What is different this time is also the range of non-military measures taken by India to impose severe costs on Pakistan for its cross-border transgressions. To be sure, the current ban on direct and indirect imports from Pakistan is relatively less impactful as bilateral trade has been in a deep freeze since the Pulwama attack. Our dependence on trading with Pakistan is limited. Far more consequential is India’s unilateral suspension of the 65-year-old Indus Waters Treaty that awarded the use of three western rivers — the Indus, Chenab, and Jhelum — to Pakistan while three eastern rivers — the Ravi, Sutlej, and Beas — were given to India. This treaty has so far miraculously survived through three wars and perennial political tensions between the two neighbours.
The treaty’s suspension can potentially bring Pakistan’s economy to its knees as it depends on these western rivers for 80% of its agricultural output and a third of its electricity generation. India is not obliged now to share data that is vital for flood, irrigation, and hydropower planning. Any sudden release of temporarily withheld water from dams can lead to floods downstream in Pakistan. India has curtailed the flow of water through the Baglihar Dam on the Chenab and is planning similar measures on the Kishanganga Dam along the Jhelum. Islamabad has warned New Delhi that any moves to restrict its waters governed by the treaty would be “an act of war”.
India, in fact, considered terminating the treaty in 2016 as also in 2019 but did not follow through as it has done now. After the Uri attacks, PM Modi had warned that “blood and water cannot flow together”. However, while unilaterally suspending the treaty is the easy part, there are questions on whether India currently has the storage capacity to divert a substantial amount of the waters that flow into Pakistan. Upper riparian nations have responsibilities to share waters with those who are downstream. How will India react if Pakistan’s ally, China, similarly chooses to weaponise water supplies by restricting the flow of Tibet’s longest river Yarlung Tsangpo, also known as the Brahmaputra, which can impact its citizens in the northeastern region?
Another non-military measure is to raise concerns regarding a fresh loan tranche of $1.3 billion for Pakistan when the International Monetary Fund’s executive board meets on May 9. Due to a stressed balance-of-payments situation, Pakistan secured a $7-billion bailout programme from the Fund last year and was granted a $1.3-billion climate resilience loan in March. Its economy stabilised and the bailout helped to stave off a default threat. Growth of 2.7% is likely in 2024-25 (July to June). Inflation has dropped. Debt is stabilising. India has usually abstained from voting on loans to Pakistan but last year it asked the Fund to place caveats that such loans are not used for arms purchases. India now seeks a review highlighting Pakistan’s role as a sponsor of terror.
Given the rising tensions, there is a need for diplomacy and dialogue to enable both India and Pakistan to pull back from the brink of an all-out conflict. The absence of any backchannels or off-ramps to tamp down temperatures is deeply troubling in this context.

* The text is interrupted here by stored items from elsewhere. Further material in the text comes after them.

(* Let $s\in\mathbb{N}$, $0<\alpha\le1$, $p>\alpha^{-1}$ (with $p\le\infty$), and $q\in[1,\infty]$. For every point set $P=\{\mathbf{x}_0,\dots,\mathbf{x}_{N-1}\}\subset[0,1]^s$ we have $$e^{\mathrm{wor}}(Q_P,\mathcal{H}_{\alpha,s,p,q})=D^*_{\alpha,s,p',q'}(P),$$ where $Q_P(f)=\frac1N\sum_{n=0}^{N-1}f(\mathbf{x}_n)$ and $1/p+1/p'=1=1/q+1/q'$.
   Context: Let $S=\{1,\dots,s\}$. For $u\subseteq S$ write $\mathbf{t}_u=(t_j)_{j\in u}\in[0,1]^u$; $(x-t)_+^{\alpha-1}$ means $(x-t)^{\alpha-1}$ if $x>t$ and $0$ otherwise. Convention: $L_p([0,1]^\emptyset)=\mathbb{R}$ with absolute value as norm, and the integral over $[0,1]^\emptyset$ of $\tilde f_\emptyset$ is $\tilde f_\emptyset$. Space of fractional smoothness: $\mathcal{H}_{\alpha,s,p}$ is the set of functions $f:[0,1]^s\to\mathbb{R}$ of the form $f(\mathbf{x})=\sum_{u\subseteq S}\Gamma(\alpha)^{-|u|}\int_{[0,1]^u}\tilde f_u(\mathbf{t}_u)\prod_{j\in u}(x_j-t_j)_+^{\alpha-1}\,d\mathbf{t}_u$ with $\tilde f_u\in L_p([0,1]^u)$ for all $u\subseteq S$. The functions $\tilde f_u$ are uniquely determined (a.e.) by $f$, and $\mathcal{H}_{\alpha,s,p,q}$ denotes this space with the norm $\|f\|_{\alpha,s,p,q}=\big(\sum_{u\subseteq S}\Gamma(\alpha)^{-q|u|}\|\tilde f_u\|^q_{L_p}\big)^{1/q}$ (usual modification for $q=\infty$). Fractional discrepancy: for $\emptyset\ne u\subseteq S$ and $\mathbf{t}_u\in[0,1]^u$, $\Delta_\alpha(\mathbf{t}_u,u,P)=\alpha^{-|u|}\prod_{j\in u}(1-t_j)^\alpha-\frac1N\sum_{n=0}^{N-1}\prod_{j\in u}(x_{n,j}-t_j)_+^{\alpha-1}$, where $\mathbf{x}_n=(x_{n,1},\dots,x_{n,s})$, and $D^*_{\alpha,s,p',q'}(P)=\Big(\sum_{\emptyset\ne u\subseteq S}\big(\int_{[0,1]^u}|\Delta_\alpha(\mathbf{t}_u,u,P)|^{p'}d\mathbf{t}_u\big)^{q'/p'}\Big)^{1/q'}$ with the obvious modifications for $q'=\infty$. $e^{\mathrm{wor}}(Q_P,\mathcal{H}_{\alpha,s,p,q})=\sup\{|\int_{[0,1]^s}f-Q_P(f)|: f\in\mathcal{H}_{\alpha,s,p},\|f\|_{\alpha,s,p,q}\le1\}$. *)

theory Defs
  imports "HOL-Analysis.Analysis" "HOL-Probability.Essential_Supremum"
begin

text \<open>Index set S = {1..s}; points of [0,1]^s are functions nat => real
  (only coordinates in S matter).\<close>

definition cube :: "nat \<Rightarrow> (nat \<Rightarrow> real) set" where
  "cube s = {x. \<forall>j\<in>{1..s}. x j \<in> {0..1}}"

text \<open>Lebesgue (Borel) measure on [0,1]^u, u a finite index set.
  For u = {} this is the one-point probability space, giving the stated conventions.\<close>
definition cube_measure :: "nat set \<Rightarrow> (nat \<Rightarrow> real) measure" where
  "cube_measure u = PiM u (\<lambda>_. restrict_space lborel {0..1::real})"

definition kern :: "real \<Rightarrow> real \<Rightarrow> real \<Rightarrow> real" where
  "kern \<alpha> x t = (if x > t then (x - t) powr (\<alpha> - 1) else 0)"

definition enn_powr :: "ennreal \<Rightarrow> real \<Rightarrow> ennreal" where
  "enn_powr x r = (if x = \<infinity> then \<infinity> else ennreal (enn2real x powr r))"

definition conj_exp :: "ereal \<Rightarrow> ereal" where
  "conj_exp p = (if p = \<infinity> then 1 else if p = 1 then \<infinity>
                 else ereal (real_of_ereal p / (real_of_ereal p - 1)))"

definition Lp_norm :: "'a measure \<Rightarrow> ereal \<Rightarrow> ('a \<Rightarrow> real) \<Rightarrow> ennreal" where
  "Lp_norm M p g = (if p = \<infinity> then esssup M (\<lambda>x. ennreal \<bar>g x\<bar>)
     else enn_powr (\<integral>\<^sup>+ x. ennreal (\<bar>g x\<bar> powr real_of_ereal p) \<partial>M) (1 / real_of_ereal p))"

definition memLp :: "'a measure \<Rightarrow> ereal \<Rightarrow> ('a \<Rightarrow> real) \<Rightarrow> bool" where
  "memLp M p g \<longleftrightarrow> g \<in> borel_measurable M \<and> Lp_norm M p g < \<infinity>"

definition represents ::
  "real \<Rightarrow> nat \<Rightarrow> ereal \<Rightarrow> (nat set \<Rightarrow> (nat \<Rightarrow> real) \<Rightarrow> real) \<Rightarrow> ((nat \<Rightarrow> real) \<Rightarrow> real) \<Rightarrow> bool" where
  "represents \<alpha> s p F f \<longleftrightarrow>
     (\<forall>u \<subseteq> {1..s}. memLp (cube_measure u) p (F u)) \<and>
     (\<forall>x \<in> cube s. f x = (\<Sum>u\<in>Pow {1..s}. Gamma \<alpha> powr (- real (card u)) *
        (\<integral> t. F u t * (\<Prod>j\<in>u. kern \<alpha> (x j) (t j)) \<partial>cube_measure u)))"

definition H_space :: "real \<Rightarrow> nat \<Rightarrow> ereal \<Rightarrow> ((nat \<Rightarrow> real) \<Rightarrow> real) set" where
  "H_space \<alpha> s p = {f. \<exists>F. represents \<alpha> s p F f}"

definition rep_norm ::
  "real \<Rightarrow> nat \<Rightarrow> ereal \<Rightarrow> ereal \<Rightarrow> (nat set \<Rightarrow> (nat \<Rightarrow> real) \<Rightarrow> real) \<Rightarrow> ennreal" where
  "rep_norm \<alpha> s p q F =
     (let c = (\<lambda>u. ennreal (Gamma \<alpha> powr (- real (card u))) * Lp_norm (cube_measure u) p (F u))
      in if q = \<infinity> then Max (c ` Pow {1..s})
         else enn_powr (\<Sum>u\<in>Pow {1..s}. enn_powr (c u) (real_of_ereal q)) (1 / real_of_ereal q))"

text \<open>The norm of f in H_{alpha,s,p,q}; the representation is unique (a.e.), so
  this infimum is just the norm of the representation.\<close>
definition H_norm :: "real \<Rightarrow> nat \<Rightarrow> ereal \<Rightarrow> ereal \<Rightarrow> ((nat \<Rightarrow> real) \<Rightarrow> real) \<Rightarrow> ennreal" where
  "H_norm \<alpha> s p q f = Inf {rep_norm \<alpha> s p q F | F. represents \<alpha> s p F f}"

definition QMC :: "nat \<Rightarrow> (nat \<Rightarrow> nat \<Rightarrow> real) \<Rightarrow> ((nat \<Rightarrow> real) \<Rightarrow> real) \<Rightarrow> real" where
  "QMC N x f = (1 / real N) * (\<Sum>n<N. f (x n))"

definition e_wor :: "real \<Rightarrow> nat \<Rightarrow> ereal \<Rightarrow> ereal \<Rightarrow> nat \<Rightarrow> (nat \<Rightarrow> nat \<Rightarrow> real) \<Rightarrow> ennreal" where
  "e_wor \<alpha> s p q N x = Sup {ennreal \<bar>(\<integral> y. f y \<partial>cube_measure {1..s}) - QMC N x f\<bar> | f.
       f \<in> H_space \<alpha> s p \<and> H_norm \<alpha> s p q f \<le> 1}"

definition frac_disc_local :: "real \<Rightarrow> nat \<Rightarrow> (nat \<Rightarrow> nat \<Rightarrow> real) \<Rightarrow> nat set \<Rightarrow> (nat \<Rightarrow> real) \<Rightarrow> real" where
  "frac_disc_local \<alpha> N x u t = \<alpha> powr (- real (card u)) * (\<Prod>j\<in>u. (1 - t j) powr \<alpha>)
     - (1 / real N) * (\<Sum>n<N. \<Prod>j\<in>u. kern \<alpha> (x n j) (t j))"

definition frac_disc :: "real \<Rightarrow> nat \<Rightarrow> ereal \<Rightarrow> ereal \<Rightarrow> nat \<Rightarrow> (nat \<Rightarrow> nat \<Rightarrow> real) \<Rightarrow> ennreal" where
  "frac_disc \<alpha> s p' q' N x =
     (let c = (\<lambda>u. Lp_norm (cube_measure u) p' (frac_disc_local \<alpha> N x u))
      in if q' = \<infinity> then Max (c ` (Pow {1..s} - {{}}))
         else enn_powr (\<Sum>u\<in>Pow {1..s} - {{}}. enn_powr (c u) (real_of_ereal q')) (1 / real_of_ereal q'))"

end

theory Submission
  imports Defs "HOL-Probability.Infinite_Product_Measure"
begin

text \<open>Substituting the representation of \<open>f\<close> and applying Fubini's theorem, the kernel
  product \<open>\<Prod>j\<in>u. (x j - t j)\<^sub>+ powr (\<alpha> - 1)\<close> integrates over \<open>x\<close> to
  \<open>\<alpha> powr -|u| * (\<Prod>j\<in>u. (1 - t j) powr \<alpha>)\<close>, whereas the quadrature rule evaluates it at the
  points. Hence the integration error of \<open>f\<close> is the sum over \<open>u\<close> of \<open>\<Gamma>(\<alpha>) powr -|u|\<close> times the
  integral of \<open>f\<^sub>u\<close> against the local discrepancy \<open>\<Delta>\<^sub>\<alpha>(\<cdot>, u, P)\<close>, an identity of
  Hlawka--Zaremba type. Hoelder's inequality in \<open>L\<^sub>p([0,1]\<^sup>u)\<close>, followed by Hoelder's
  inequality in \<open>\<ell>\<^sub>q\<close> over the subsets \<open>u\<close>, bounds the error by the norm of \<open>f\<close> times the
  discrepancy. Both steps are sharp: taking for \<open>f\<^sub>u\<close> a norming function of \<open>\<Delta>\<^sub>\<alpha>(\<cdot>, u, P)\<close>
  in \<open>L\<^sub>p\<close>, scaled by a norming sequence of the norms of the \<open>\<Delta>\<^sub>\<alpha>(\<cdot>, u, P)\<close> in \<open>\<ell>\<^sub>q\<close>, gives
  equality. The hypothesis \<open>p > 1/\<alpha>\<close> is what puts the kernel into \<open>L\<^sub>p\<^sub>'\<close>, so that all these
  integrals exist.\<close>

section \<open>The kernel\<close>

lemma kern_nonneg: "0 \<le> kern \<alpha> x t"
  unfolding kern_def by auto

lemma kern_eq_powr: "t \<le> x \<Longrightarrow> kern \<alpha> x t = (x - t) powr (\<alpha> - 1)"
  unfolding kern_def by auto

lemma kern_powr: "0 < r \<Longrightarrow> kern \<alpha> x t powr r = kern ((\<alpha> - 1) * r + 1) x t"
  unfolding kern_def by (auto simp: powr_powr)

lemma borel_measurable_kern [measurable]:
  assumes [measurable]: "f \<in> borel_measurable M" "g \<in> borel_measurable M"
  shows "(\<lambda>z. kern \<alpha> (f z) (g z)) \<in> borel_measurable M"
  unfolding kern_def by measurable

lemma has_integral_kern_fst:
  assumes "0 < a" "t \<le> b"
  shows "((\<lambda>x. kern a x t) has_integral (b - t) powr a / a) {t..b}"
proof -
  have "((\<lambda>z. z powr (a - 1)) has_integral (b - t) powr a / a) (cbox 0 (b - t))"
    using has_integral_powr_from_0[of "a - 1" "b - t"] assms by simp
  from has_integral_affinity[OF this, of 1 "-t"]
  have "((\<lambda>x. (x - t) powr (a - 1)) has_integral (b - t) powr a / a) ((\<lambda>x. x + t) ` {0..b - t})"
    by simp
  moreover have "(\<lambda>x. x + t) ` {0..b - t} = {t..b}"
    by (auto simp: image_iff intro!: bexI[where x="_ - t"])
  ultimately show ?thesis
    using has_integral_cong[of "{t..b}" "\<lambda>x. kern a x t"] by (simp add: kern_eq_powr)
qed

lemma has_integral_kern_snd:
  assumes "0 < a" "0 \<le> y"
  shows "((\<lambda>t. kern a y t) has_integral y powr a / a) {0..y}"
proof -
  have "((\<lambda>z. z powr (a - 1)) has_integral y powr a / a) (cbox 0 y)"
    using has_integral_powr_from_0[of "a - 1" y] assms by simp
  from has_integral_affinity[OF this, of "-1" y]
  have "((\<lambda>t. (y - t) powr (a - 1)) has_integral y powr a / a) ((\<lambda>t. y - t) ` {0..y})"
    by simp
  moreover have "(\<lambda>t. y - t) ` {0..y} = {0..y}"
    by (auto simp: image_iff intro!: bexI[where x="y - _"])
  ultimately show ?thesis
    using has_integral_cong[of "{0..y}" "\<lambda>t. kern a y t"] by (simp add: kern_eq_powr)
qed

lemma nn_integral_kern_fst:
  assumes "0 < a" "0 \<le> t" "t \<le> 1"
  shows "(\<integral>\<^sup>+x. ennreal (kern a x t) \<partial>restrict_space lborel {0..1}) = ennreal ((1 - t) powr a / a)"
proof -
  have "(\<integral>\<^sup>+x. ennreal (kern a x t) \<partial>restrict_space lborel {0..1})
      = (\<integral>\<^sup>+x. ennreal (kern a x t) * indicator {t..1} x \<partial>lborel)"
    using assms by (subst nn_integral_restrict_space) (auto intro!: nn_integral_cong
        simp: kern_def split: split_indicator)
  also have "\<dots> = ennreal ((1 - t) powr a / a)"
    using assms by (intro nn_integral_has_integral_lebesgue' has_integral_kern_fst kern_nonneg)
  finally show ?thesis .
qed

lemma nn_integral_kern_snd:
  assumes "0 < a" "0 \<le> y" "y \<le> 1"
  shows "(\<integral>\<^sup>+t. ennreal (kern a y t) \<partial>restrict_space lborel {0..1}) = ennreal (y powr a / a)"
proof -
  have "(\<integral>\<^sup>+t. ennreal (kern a y t) \<partial>restrict_space lborel {0..1})
      = (\<integral>\<^sup>+t. ennreal (kern a y t) * indicator {0..y} t \<partial>lborel)"
    using assms by (subst nn_integral_restrict_space) (auto intro!: nn_integral_cong
        simp: kern_def split: split_indicator)
  also have "\<dots> = ennreal (y powr a / a)"
    using assms by (intro nn_integral_has_integral_lebesgue' has_integral_kern_snd kern_nonneg)
  finally show ?thesis .
qed


section \<open>\<open>L\<^sub>p\<close> norms and Hoelder's inequality\<close>

lemma enn_powr_ennreal: "0 \<le> x \<Longrightarrow> enn_powr (ennreal x) r = ennreal (x powr r)"
  by (simp add: enn_powr_def)

lemma enn_powr_one: "enn_powr X 1 = X"
  by (cases X) (auto simp: enn_powr_def)

lemma enn_powr_eq_0_iff: "enn_powr X r = 0 \<longleftrightarrow> X = 0"
  by (cases X) (auto simp: enn_powr_def ennreal_eq_0_iff)

lemma enn_powr_less_top_iff: "enn_powr X r < \<infinity> \<longleftrightarrow> X < \<infinity>"
  by (cases "X = \<infinity>") (auto simp: enn_powr_def top.not_eq_extremum)

lemma enn_powr_mono: "X \<le> Y \<Longrightarrow> 0 \<le> r \<Longrightarrow> enn_powr X r \<le> enn_powr Y r"
  by (cases X; cases Y) (auto simp: enn_powr_def top_unique intro!: ennreal_leI powr_mono2)

lemma Lp_norm_ereal: "Lp_norm M (ereal r) g = enn_powr (\<integral>\<^sup>+x. ennreal (\<bar>g x\<bar> powr r) \<partial>M) (1 / r)"
  by (simp add: Lp_norm_def)

lemma Lp_norm_one: "Lp_norm M 1 g = (\<integral>\<^sup>+x. ennreal \<bar>g x\<bar> \<partial>M)"
  using Lp_norm_ereal[of M 1 g] by (simp add: enn_powr_one one_ereal_def)

lemma Lp_norm_PInf: "Lp_norm M \<infinity> g = esssup M (\<lambda>x. ennreal \<bar>g x\<bar>)"
  by (simp add: Lp_norm_def)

Although the US played a role to ensure that the tit-for-tat reprisals post-2019 did not get out of control, this time there is only concern about a regional conflict in the making and that Pakistan should cooperate with India in investigating who was responsible for the terrorist attack on April 22. India, for its part, has no doubts as to who was responsible as it gears up to avenge what happened that day.